I mentioned the other day that the testing data out of California looked weird (link).
On April 22, 2020, it released a gigantic pile of data, more than 165,000 results. This increased the total test results by more than 50 percent in one day. Most people kept moving along - telling themselves it's just a backlog being released.
If you're a good data scientist, you won't let this go so quickly. In fact, I won't hire anyone who accepts the backlog explanation at face value.
***
Tests are blood samples being processed at labs. Labs are currently swamped, therefore they are running at full capacity. This means a near constant rate of output. It's not that the labs suddenly found extra capacity to process 165,000 tests all at once. The normal rate of test results is in the 10-20,000 per day range.
So, after the labs completed the test analysis, the test results were held up somewhere. It's not a one day delay. It's about 10 days worth of results being locked up.

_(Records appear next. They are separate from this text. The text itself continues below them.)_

lemma sp_simp_obj_subset:
  assumes "is_pmod s M" and "e \<ge> 0"
  shows "sp (simp_obj e M) a \<subseteq> sp M (shift e a)"
  using is_pmod_mp_in_sp[OF assms(1) le_shift[OF assms(2)]] by (auto simp: sp_simp_obj)

lemma mp_translation_natural:
  assumes M: "is_pmod s M" and e: "e \<ge> 0" and ab: "a \<le> b" and x: "x \<in> sp M a"
  shows "mp M (shift e a) (shift e b) (mp M a (shift e a) x) = mp M b (shift e b) (mp M a b x)"
proof -
  have "mp M (shift e a) (shift e b) (mp M a (shift e a) x) = mp M a (shift e b) x"
    using is_pmod_mp_comp[OF M le_shift[OF e] shift_mono[OF ab] x] .
  also have "\<dots> = mp M b (shift e b) (mp M a b x)"
    using is_pmod_mp_comp[OF M ab le_shift[OF e] x] by (rule sym)
  finally show ?thesis .
qed

lemma is_pmod_simp_obj:
  fixes M :: "('n::finite, 'v::ab_group_add) pmod"
  assumes M: "is_pmod s M" and e: "e \<ge> 0"
  shows "is_pmod s (simp_obj e M)"
  unfolding is_pmod_def sp_simp_obj mp_simp_obj
proof (intro conjI allI impI)
  fix a :: "real^'n"
  have "module_hom s s (mp M a (shift e a))"
    using is_pmod_linear[OF M le_shift[OF e]] by (simp add: module_hom_iff_linear)
  then show "module.subspace s (mp M a (shift e a) ` sp M a)"
    using module_hom.subspace_image is_pmod_subspace[OF M] by blast
next
  fix a b :: "real^'n" assume ab: "a \<le> b"
  show "Vector_Spaces.linear s s (mp M (shift e a) (shift e b))"
    using is_pmod_linear[OF M shift_mono[OF ab]] .
  show "mp M (shift e a) (shift e b) ` mp M a (shift e a) ` sp M a \<subseteq> mp M b (shift e b) ` sp M b"
    using mp_translation_natural[OF M e ab] is_pmod_mp_in_sp[OF M ab] by auto
next
  fix a :: "real^'n" and x :: 'v
  assume "x \<in> mp M a (shift e a) ` sp M a"
  then show "mp M (shift e a) (shift e a) x = x"
    using sp_simp_obj_subset[OF M e] is_pmod_mp_id[OF M] by (auto simp: sp_simp_obj)
next
  fix a b c :: "real^'n" and x :: 'v
  assume "a \<le> b" "b \<le> c" and x: "x \<in> mp M a (shift e a) ` sp M a"
  have "x \<in> sp M (shift e a)"
    using sp_simp_obj_subset[OF M e] x by (auto simp: sp_simp_obj)
  then show "mp M (shift e b) (shift e c) (mp M (shift e a) (shift e b) x) = mp M (shift e a) (shift e c) x"
    using is_pmod_mp_comp[OF M shift_mono[of a b e] shift_mono[of b c e]] \<open>a \<le> b\<close> \<open>b \<le> c\<close> by blast
qed

lemma is_pmorph_simp_mor:
  fixes M :: "('n::finite, 'v::ab_group_add) pmod"
  assumes M: "is_pmod s1 M" and f: "is_pmorph s1 s2 M N f" and e: "e \<ge> 0"
  shows "is_pmorph s1 s2 (simp_obj e M) (simp_obj e N) (simp_mor e f)"
  unfolding is_pmorph_def sp_simp_obj mp_simp_obj simp_mor_def
proof (intro conjI allI impI ballI)
  fix a :: "real^'n"
  show "Vector_Spaces.linear s1 s2 (f (shift e a))"
    using is_pmorph_linear[OF f] .
  show "f (shift e a) ` mp M a (shift e a) ` sp M a \<subseteq> mp N a (shift e a) ` sp N a"
    using is_pmorph_natural[OF f le_shift[OF e]] is_pmorph_in_sp[OF f] by auto
next
  fix a b :: "real^'n" and x :: 'v
  assume "a \<le> b" and x: "x \<in> mp M a (shift e a) ` sp M a"
  have "x \<in> sp M (shift e a)"
    using sp_simp_obj_subset[OF M e] x by (auto simp: sp_simp_obj)
  then show "f (shift e b) (mp M (shift e a) (shift e b) x) = mp N (shift e a) (shift e b) (f (shift e a) x)"
    using is_pmorph_natural[OF f shift_mono[of a b e]] \<open>a \<le> b\<close> by blast
qed

lemma interleaved_simp_obj:
  fixes M :: "('n::finite, 'v::ab_group_add) pmod"
  assumes M: "is_pmod s M" and e: "e \<ge> 0"
  shows "interleaved s s e M (simp_obj e M)"
  unfolding interleaved_def sp_simp_obj mp_simp_obj
proof (rule exI[of _ "\<lambda>a. mp M a (shift (2 * e) a)"], rule exI[of _ "\<lambda>a. id"],
    intro conjI allI ballI impI)
  have e2: "2 * e \<ge> 0" using e by simp
  fix a :: "real^'n"
  show "Vector_Spaces.linear s s (mp M a (shift (2 * e) a))"
    using is_pmod_linear[OF M le_shift[OF e2]] .
  show "Vector_Spaces.linear s s id"
    using vector_space.linear_id[OF is_pmod_vector_space[OF M]] .
  show "id ` mp M a (shift e a) ` sp M a \<subseteq> sp M (shift e a)"
    using sp_simp_obj_subset[OF M e] by (simp add: sp_simp_obj)
  have "mp M a (shift (2 * e) a) x = mp M (shift e a) (shift e (shift e a)) (mp M a (shift e a) x)"
    if "x \<in> sp M a" for x
    using is_pmod_mp_comp[OF M le_shift[OF e] le_shift[OF e] that] by (simp add: shift_shift_same)
  then show "mp M a (shift (2 * e) a) ` sp M a \<subseteq> mp M (shift e a) (shift e (shift e a)) ` sp M (shift e a)"
    using is_pmod_mp_in_sp[OF M le_shift[OF e]] by auto
next
  fix a b :: "real^'n" and x :: 'v
  assume ab: "a \<le> b" and x: "x \<in> sp M a"
  have "0 \<le> 2 * e" using e by simp
  from mp_translation_natural[OF M this ab x]
  show "mp M b (shift (2 * e) b) (mp M a b x) =
      mp M (shift e (shift e a)) (shift e (shift e b)) (mp M a (shift (2 * e) a) x)"
    unfolding shift_shift_same by (rule sym)
next
  fix a b :: "real^'n" and y :: 'v
  show "id (mp M (shift e a) (shift e b) y) = mp M (shift e a) (shift e b) (id y)"
    by simp
next
  fix a :: "real^'n" and x :: 'v
  show "id (mp M a (shift (2 * e) a) x) = mp M a (shift (2 * e) a) x"
    by simp
next
  fix a :: "real^'n" and y :: 'v
  show "mp M (shift e a) (shift (2 * e) (shift e a)) (id y) =
      mp M (shift e a) (shift e (shift (2 * e) a)) y"
    by (simp only: id_apply shift_commute[of "2 * e" e])
qed

lemma d_I_le_if_interleaved:
  assumes "interleaved s1 s2 e M N" and "e \<ge> 0"
  shows "d_I s1 s2 M N \<le> ereal e"
  unfolding d_I_def using assms by (auto intro!: Inf_lower)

In addition, this batch of results are completely different than other days. From April 3-21, about 11 percent of all reported tests were positive. In the batch of 165,000 for April 22, only 1 percent were positive. This is an order of magnitude different, well outside random chance. For some reason, the test results that were delayed looked different from those that were released.
When I wrote the last post, I haven't looked at the test results released after April 22. On April 23, the proportion of positive results was.... you guessed it, back to 12 percent. On April 24, it was 16 percent.
Here's why the innocent explanation doesn't fly: let's assume the person who verified results before they were released disappeared for 10 days. So the results piled up on the person's desk, and s/he published them all at once. Those results should be even closer to the average proportion of positives because the sample size is 10 times bigger. Instead, the proportion positive is 10 times smaller!
As a data scientist, you've got to ask questions, and keep asking until you get a satisfactory answer.
***
What are some possible reasons?
Here's another plausible "innocent" reason. We might learn that the 165K results came from a separate, one-off initiative to get tests to a broader set of people including those without symptoms. Of course, we haven't heard of such a thing. So this is not accepted unless real evidence turns up.
Another innocent explanation might be that the California state contracted with additional labs to process the backlog. This can explain the 50% jump in test results but it fails to account for the extreme negative bias in the sample. The labs can't know which samples would come up negative before they processed them so for this reasoning to hold, the percent positive of those 165,000 had to be close to 11 percent.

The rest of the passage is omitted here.